The second point - not even God Himself will abrogate His Word. What He says MUST come to pass. What He purposes WILL be fulfilled. His every communication is UNBREAKABLE, even down to the most minute details. This is incredibly good news to those who believe, and incomprehensibly bad news to those who don't. Make no mistake, when we are told in Scripture that every act, word or "thoughts and intent of the heart" will be judged, it WILL be. No exceptions. This is both a gracious warning and a rock-solid guarantee. The judgment will either occur in Christ, atoned for by His substitutionary death on the Cross, or on its own merits. The first inevitably leads to eternal life, the second to eternal punishment. There is no third alternative.

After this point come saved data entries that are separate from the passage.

text \<open>Bricks of size \<open>2c \<times> c \<times> 3s\<close> are laid in sheared stacks: the brick indexed by
  \<open>(i, j, m)\<close> has its lower corner at the grid point \<open>(2i + j, j, 3m + i + 2j)\<close>, measured in units
  \<open>(c, c, s)\<close>, and is coloured by its height index \<open>3m + i + 2j\<close> modulo 4. If the grid corners
  of two bricks of the same colour differed by at most the brick extents \<open>2, 1, 3\<close> in the three
  coordinates, their height indices would be equal, and then the shears force the indices
  themselves to be equal. So distinct bricks of one colour are separated by a gap of \<open>c\<close> or \<open>s\<close> in
  some coordinate, while the bricks \<open>(0, 0, 0)\<close> and \<open>(1, -2, 1)\<close> are at distance exactly \<open>c\<close>.
  Taking \<open>s = 1 / (6 c\<^sup>2)\<close> gives volume 1, and \<open>c \<le> s\<close> holds for every \<open>c\<close> with \<open>6 c\<^sup>3 \<le> 1\<close>,
  in particular for \<open>c = (12 + 8 sqrt 2) powr (-1/3)\<close>.\<close>

definition grid_interval :: "real \<Rightarrow> int \<Rightarrow> int \<Rightarrow> real set" where
  "grid_interval s n k = {s * of_int k .. s * of_int (k + n)}"

lemma grid_interval_gap:
  assumes "s > 0" "x \<in> grid_interval s n k" "y \<in> grid_interval s n k'" "n < \<bar>k - k'\<bar>"
  shows "s \<le> \<bar>x - y\<bar>"
proof -
  have "s * of_int (k + n) + s \<le> s * of_int k'" if "k + n < k'" for k k'
  proof -
    have "s * of_int (k + n + 1) \<le> s * of_int k'"
      using that \<open>s > 0\<close> by (intro mult_left_mono) auto
    then show ?thesis by (simp add: algebra_simps)
  qed
  from this[of k k'] this[of k' k] show ?thesis
    using assms unfolding grid_interval_def by (cases "k \<le> k'") auto
qed
lemma lri:
  assumes "L_invariant_under_L" "a \<in> carrier G" "b \<in> carrier G"
  shows "R (L a b) a = b" "L a (R b a) = b"
proof -
  have "R_invariant_under_R" using assms(1) L_invariant_imp_R_invariant by blast
  then have "R (L a b) a = R (L a b) (R a b)"
    using assms unfolding R_invariant_under_R_def by simp
  then show "R (L a b) a = b" using involutive_R assms by simp
  have "L a (R b a) = L (L b a) (R b a)"
    using assms unfolding L_invariant_under_L_def by simp
  then show "L a (R b a) = b" using involutive_L assms by simp
qed

lemma cyclic_conditions:
  assumes "L_invariant_under_L" "a \<in> carrier G" "b \<in> carrier G"
  shows "L (R b a) a = L b a" "R a (L a b) = R a b" "L (L a b) a = L b a" "R a (R b a) = R a b"
proof -
  have "L_invariant_under_R" "R_invariant_under_R" "R_invariant_under_L"
    using assms(1) L_invariant_under_L_iff_R L_invariant_imp_R_invariant R_invariant_under_L_iff_R
    by blast+
  with assms show "L (R b a) a = L b a" "R a (L a b) = R a b" "L (L a b) a = L b a" "R a (R b a) = R a b"
    unfolding L_invariant_under_L_def L_invariant_under_R_def
      R_invariant_under_L_def R_invariant_under_R_def by simp_all
qed

lemma L_mult_commute:
  assumes "L_invariant_under_L" "x \<in> carrier G" "y \<in> carrier G" "w \<in> carrier G"
  shows "L (x \<otimes> y) w = L (y \<otimes> x) w"
proof -
  have "L (x \<otimes> y) w = L (L x y) (L (R x y) w)"
    using assms mult_eq_L_R[of x y] L_mult by simp
  also have "\<dots> = L y (L x w)"
    using assms L_invariant_under_L_iff_R
    unfolding L_invariant_under_L_def L_invariant_under_R_def by simp
  also have "\<dots> = L (y \<otimes> x) w" using assms L_mult by simp
  finally show ?thesis .
qed
(* Let $X$ and $Y$ be infinite sets with $|X| < |Y|$. Then: (i) every sequence of words that is universal for $I(X)$ is universal for $I(Y)$; (ii) if $2^{\aleph_0} < |X|$, then every sequence of words that is universal for $I(Y)$ is universal for $I(X)$. In particular, if $2^{\aleph_0} < |X| \leq |Y|$, then the sequences universal for $I(X)$ are exactly the sequences universal for $I(Y)$.
   Context: $I(X)$ denotes the symmetric inverse monoid on $X$: all partial permutations of $X$ (bijections between subsets of $X$) under composition of binary relations. For an alphabet $A$ (a finite or countable set), $A^+$ is the free semigroup of non-empty words over $A$. A sequence $w_1, w_2, \ldots \in A^+$ is universal for a semigroup $S$ if for every sequence $s_1, s_2, \ldots \in S$ there is a semigroup homomorphism $\phi: A^+ \to S$ with $(w_n)\phi = s_n$ for all $n \geq 1$. *)

theory Defs
  imports Main "HOL-Library.Countable_Set"
begin

text \<open>The symmetric inverse monoid I(X): partial bijections between subsets of X,
  represented as partial maps with domain and range inside X, injective on their domain.\<close>
definition sym_inv :: "'a set \<Rightarrow> ('a \<rightharpoonup> 'a) set" where
  "sym_inv X = {f. dom f \<subseteq> X \<and> ran f \<subseteq> X \<and> inj_on f (dom f)}"

text \<open>Composition of binary relations, written left to right: first f, then g.\<close>
definition pcomp :: "('a \<rightharpoonup> 'a) \<Rightarrow> ('a \<rightharpoonup> 'a) \<Rightarrow> ('a \<rightharpoonup> 'a)" where
  "pcomp f g = g \<circ>\<^sub>m f"

text \<open>A semigroup homomorphism from the free semigroup A+ (nonempty lists over A,
  concatenation) into I(X).\<close>
definition word_hom :: "'c set \<Rightarrow> 'a set \<Rightarrow> ('c list \<Rightarrow> ('a \<rightharpoonup> 'a)) \<Rightarrow> bool" where
  "word_hom A X \<phi> \<longleftrightarrow>
     (\<forall>w. w \<in> lists A \<and> w \<noteq> [] \<longrightarrow> \<phi> w \<in> sym_inv X) \<and>
     (\<forall>u v. u \<in> lists A \<and> u \<noteq> [] \<and> v \<in> lists A \<and> v \<noteq> [] \<longrightarrow>
        \<phi> (u @ v) = pcomp (\<phi> u) (\<phi> v))"

definition universal_for :: "'a set \<Rightarrow> 'c set \<Rightarrow> (nat \<Rightarrow> 'c list) \<Rightarrow> bool" where
  "universal_for X A w \<longleftrightarrow>
     (\<forall>n. w n \<in> lists A \<and> w n \<noteq> []) \<and>
     (\<forall>s. (\<forall>n. s n \<in> sym_inv X) \<longrightarrow>
        (\<exists>\<phi>. word_hom A X \<phi> \<and> (\<forall>n. \<phi> (w n) = s n)))"

end

theory Submission
  imports Defs "HOL-Library.Countable_Set_Type"
begin

unbundle cardinal_syntax
lemma DSGI:
  assumes V: "valid_profile P S" and S: "builds_one_edges S"
    and dom: "\<And>u. u \<in> P \<Longrightarrow> dominating1 P d u (S u)"
    and local_min: "\<And>u N. u \<in> P \<Longrightarrow> N \<in> greedy_moves P u (S u) \<Longrightarrow> near u \<subseteq> N \<Longrightarrow>
        dominating1 P d u N \<Longrightarrow> card (S u \<inter> far u \<inter> two_hop u) \<le> card (N \<inter> far u \<inter> two_hop u)"
  shows "DSG P d S"
proof -
  have one_edges: "\<forall>v\<in>P. \<forall>w\<in>P. v \<noteq> w \<longrightarrow> d v w = 1 \<longrightarrow> w \<in> S v"
    using S by (auto simp: builds_one_edges_def near_def)
  show ?thesis
    unfolding DSG_def
  proof (intro one_edges conjI ballI notI V dom)
  fix u assume u: "u \<in> P"
  have Su: "S u \<subseteq> P - {u}" using V u by (auto simp: valid_profile_def)
  assume "\<exists>N'. (N' \<in> {S u - {x} |x. x \<in> S u} \<or>
      N' \<in> {S u - {x} \<union> {y} |x y. x \<in> S u \<and> y \<in> P - {u} - S u}) \<and>
    {v \<in> P. v \<noteq> u \<and> d u v = 1} \<subseteq> N' \<and> dominating1 P d u N' \<and>
    card ({v \<in> N'. d u v = 2} \<inter> W11 P d S u) < card (W2plus P d S u)"
  then obtain N where N: "N \<in> greedy_moves P u (S u)" "near u \<subseteq> N" "dominating1 P d u N"
    and less: "card ({v \<in> N. d u v = 2} \<inter> W11 P d S u) < card (W2plus P d S u)"
    unfolding greedy_moves_def near_def by blast
  have "N \<subseteq> P - {u}" using N(1) Su by (auto simp: greedy_moves_def)
  then show False
    using less local_min[OF u N] far_W11_eq[OF u S] W2plus_eq[OF u S Su] by simp
  qed
qed

end

locale greedy_routing_game = one_two_metric_space +
  fixes \<alpha> Z :: real
  assumes price_nonneg: "0 \<le> \<alpha>"
    and penalty_large: "(2 + \<alpha>) * (card P + 1) \<le> Z"
begin

text \<open>The penalty Z exceeds every possible cost of a strategy that reaches all nodes, so
  fewer unreachable nodes always means a lower cost.\<close>
lemma cost_less_if_fewer_unreachable:
  assumes u: "u \<in> P" and Ta: "Ta u \<subseteq> P - {u}"
    and fewer: "card (unreachable Ta u) < card (unreachable Tb u)"
  shows "cost P d Z \<alpha> Ta u < cost P d Z \<alpha> Tb u"
proof -
  let ?n = "real (card P)"
  have "0 \<le> (2 + \<alpha>) * (card P + 1)" using price_nonneg by simp
  then have Z_nonneg: "0 \<le> Z" using penalty_large by linarith
  have "(\<Sum>v\<in>P - {u} - unreachable Ta u. stretch Z d Ta u v) \<le> (\<Sum>v\<in>P - {u} - unreachable Ta u. 3/2)"
  proof (intro sum_mono)
    fix v assume "v \<in> P - {u} - unreachable Ta u"
    then have "stretch Z d Ta u v \<in> {1, 3/2}"
      by (intro stretch_if_reachable[where T=Ta, OF u _ _ Ta]) (auto simp: unreachable_def)
    then show "stretch Z d Ta u v \<le> 3/2" by auto
  qed
  also have "\<dots> \<le> 3/2 * ?n"
    using card_mono[OF finite_points, of "P - {u} - unreachable Ta u"] by auto
  finally have reach_a: "(\<Sum>v\<in>P - {u} - unreachable Ta u. stretch Z d Ta u v) \<le> 3/2 * ?n" .
  have "card (Ta u) \<le> card P" using Ta by (intro card_mono[OF finite_points]) auto
  then have edges_a: "\<alpha> * card (Ta u) \<le> \<alpha> * ?n" using price_nonneg by (simp add: mult_left_mono)
  have reach_b: "0 \<le> (\<Sum>v\<in>P - {u} - unreachable Tb u. stretch Z d Tb u v)"
    by (intro sum_nonneg) (auto simp: stretch_def unreachable_def)
  have "cost P d Z \<alpha> Ta u \<le> Z * card (unreachable Ta u) + 3/2 * ?n + \<alpha> * ?n"
    using cost_eq_penalty_plus_reachable[of Z \<alpha> Ta u] reach_a edges_a by linarith
  also have "\<dots> < Z * (card (unreachable Ta u) + 1)"
    using penalty_large price_nonneg by (simp add: algebra_simps)
  also have "\<dots> \<le> Z * card (unreachable Tb u)"
    using fewer Z_nonneg by (intro mult_left_mono) auto
  also have "\<dots> \<le> cost P d Z \<alpha> Tb u"
    using cost_eq_penalty_plus_reachable[of Z \<alpha> Tb u] reach_b price_nonneg by simp
  finally show ?thesis .
qed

The third point - it is not possible to be a Cafeteria Believer in God's Word. Discard one part, and you have discarded the whole. "Puh-lease!" you say. "How narrow-minded! How unscientific! How quaintly simplistic! How embarrassing!" Look, I happen to know and can formulate many rebuttals to whatever objections an honest skeptic may have to the authenticity, authority, accuracy, sufficiency, and inerrancy of the Bible. But if you claim to be a Christian, a follower of and believer in Jesus Christ as Lord and Savior as portrayed in Scripture (I've always wondered exactly what other Jesus you have any rational reason to believe in - the one in your own mind? To that I say, "Puh-lease!"), you have ABSOLUTELY no basis for NOT believing the entirety of God's Word. Jesus did, even the parts (or more pointedly - especially the parts) you don't like. 

And don't give me that blather about there being many possible interpretations to the passages you personally find offensive or not in keeping with your own infallible view of things. It is clear and obvious when and where the Bible is to be interpreted literally or symbolically. It makes perfect sense that an omniscient and omnipotent Being would be capable of saying what He means, and meaning what He says, and PRESERVING that meaning, in ways that even idiots like us can understand.

Jesus is saying that there is NOTHING more sure than God's Word. Nothing. It is more solid than the material Universe. More consistent and powerful than any scientific principle, more durable than Creation itself. And, even more amazingly, His purpose in the Incarnation includes PROVING (fulfilling) that, down to the last crossed 't' or dotted 'i'.

The grass withers, the flower fades, But the word of our God stands forever.” (Isaiah 40:8, NKJV).